EXHIBIT 2.2


                                           *** TEXT OMITTED AND FILED SEPARATELY
                                                CONFIDENTIAL TREATMENT REQUESTED
                                   UNDER 17 C.F.R. SECTION SECTION 200.80(b)(4),
                                                           200.83 AND 240.24b-2



                               FIRST AMENDMENT TO
                            ASSET PURCHASE AGREEMENT


This FIRST AMENDMENT TO ASSET PURCHASE AGREEMENT ("Amendment") supplements,
modifies and amends the ASSET PURCHASE AGREEMENT (the "Agreement") entered into
as of April 4, 2002, by and between VIXEL CORPORATION, a Delaware corporation
("VIXEL" or "SELLER") and FUJITSU SOFTWARE TECHNOLOGY CORPORATION, d/b/a Fujitsu
Softek, a Delaware corporation ("FUJITSU SOFTEK" or "PURCHASER"). Capitalized
terms not defined herein shall have the meanings given them in the Agreement. If
there is any conflict between the Agreement and this Amendment, the provisions
of this Amendment will control.

1.      Schedule 1.4 of the Agreement is modified and amended as follows:

        (a)     [...***...] are both deleted from the schedule; and

        (b)     [...***...] is added to the schedule.

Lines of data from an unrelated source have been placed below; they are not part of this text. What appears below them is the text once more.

definition teq2 :: "('k::field \<Rightarrow> 'x::ab_group_add \<Rightarrow> 'x) \<Rightarrow> ('k \<Rightarrow> 'y::ab_group_add \<Rightarrow> 'y)
    \<Rightarrow> ('x \<times> 'y) list \<Rightarrow> ('x \<times> 'y) list \<Rightarrow> bool" where
  "teq2 s1 s2 xs ys \<longleftrightarrow> (\<forall>\<phi>. kbilin s1 s2 \<phi> \<longrightarrow>
      sum_list (map (\<lambda>(x, y). \<phi> x y) xs) = sum_list (map (\<lambda>(x, y). \<phi> x y) ys))"

definition teq3 :: "('k::field \<Rightarrow> 'x::ab_group_add \<Rightarrow> 'x) \<Rightarrow> ('k \<Rightarrow> 'y::ab_group_add \<Rightarrow> 'y)
    \<Rightarrow> ('k \<Rightarrow> 'z::ab_group_add \<Rightarrow> 'z) \<Rightarrow> ('x \<times> 'y \<times> 'z) list \<Rightarrow> ('x \<times> 'y \<times> 'z) list \<Rightarrow> bool" where
  "teq3 s1 s2 s3 xs ys \<longleftrightarrow> (\<forall>\<phi>. ktrilin s1 s2 s3 \<phi> \<longrightarrow>
      sum_list (map (\<lambda>(x, y, z). \<phi> x y z) xs) = sum_list (map (\<lambda>(x, y, z). \<phi> x y z) ys))"

definition k_algebra :: "('k::field_char_0 \<Rightarrow> 'a::ring_1) \<Rightarrow> bool" where
  "k_algebra \<iota> \<longleftrightarrow> \<iota> 1 = 1 \<and> (\<forall>c d. \<iota> (c + d) = \<iota> c + \<iota> d) \<and> (\<forall>c d. \<iota> (c * d) = \<iota> c * \<iota> d)
     \<and> (\<forall>c x. \<iota> c * x = x * \<iota> c)"

definition bimodule :: "('k::field_char_0 \<Rightarrow> 'a::ring_1) \<Rightarrow> ('a \<Rightarrow> 'e::ab_group_add \<Rightarrow> 'e)
    \<Rightarrow> ('e \<Rightarrow> 'a \<Rightarrow> 'e) \<Rightarrow> bool" where
  "bimodule \<iota> la ra \<longleftrightarrow>
     (\<forall>a b e. la (a * b) e = la a (la b e)) \<and> (\<forall>e. la 1 e = e)
   \<and> (\<forall>a b e. la (a + b) e = la a e + la b e) \<and> (\<forall>a e f. la a (e + f) = la a e + la a f)
   \<and> (\<forall>a b e. ra e (a * b) = ra (ra e a) b) \<and> (\<forall>e. ra e 1 = e)
   \<and> (\<forall>a b e. ra e (a + b) = ra e a + ra e b) \<and> (\<forall>a e f. ra (e + f) a = ra e a + ra f a)
   \<and> (\<forall>a b e. la a (ra e b) = ra (la a e) b)
   \<and> (\<forall>c e. la (\<iota> c) e = ra e (\<iota> c))"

2.      Schedule 1.1(c) is modified by adding the following parties to the list
        of Transferred Customers to be accepted by Fujitsu Softek as Transferred
        Customers, at the option of Fujitsu Softek, to be exercised within
        thirty (30) days after the Closing, and if not so accepted within such
        time, then such parties shall then be deemed re-added to Schedule 1.4 of
        the Agreement:

        [...***...]

3.      Section 1.4(a) of the Agreement is modified and amended to read, in its
        entirety, as follows:

        "(a) LICENSE BACK TO THE SAN INSITE SOFTWARE. Fujitsu Softek hereby
        agrees to deliver and hereby grants to Vixel, as of the Closing, a
        nonexclusive, transferable, perpetual, irrevocable (except for material
        breach), royalty-free and fully paid-up license: (i) to reproduce, copy,
        use, and display the SAN InSite Software in object code format only for
        its internal business purposes or to provide support or maintenance to
        the customers set forth on Schedule 1.4 or to existing customers using
        the SAN InSite Software to manage their Vixel switches; (ii) to
        sublicense and distribute version 3.1 of the SAN InSite Software to
        customers that purchase from Vixel one or more of its Vixel 8100
        switches that were manufactured prior to January 2002; (iii) to
        reproduce, copy, sublicense and distribute the SAN InSite Software to or
        for customers set forth on Schedule 1.4; provided, that for each such
        customer, Vixel shall only sublicense or distribute (A) the version
        specified on Schedule 1.4, (B) any versions prior to such version, or
        (C) any support or maintenance releases thereto. For purposes of the
        license grants in this Section 1.4(a) only, SAN InSite Software shall be
        deemed to include standard and necessary third party software components
        in object code format otherwise distributed by



- ----------
* Confidential Treatment Requested




Fujitsu Softek in the executable version of the commercial product, including
but not limited to Tom Sawyer Software code."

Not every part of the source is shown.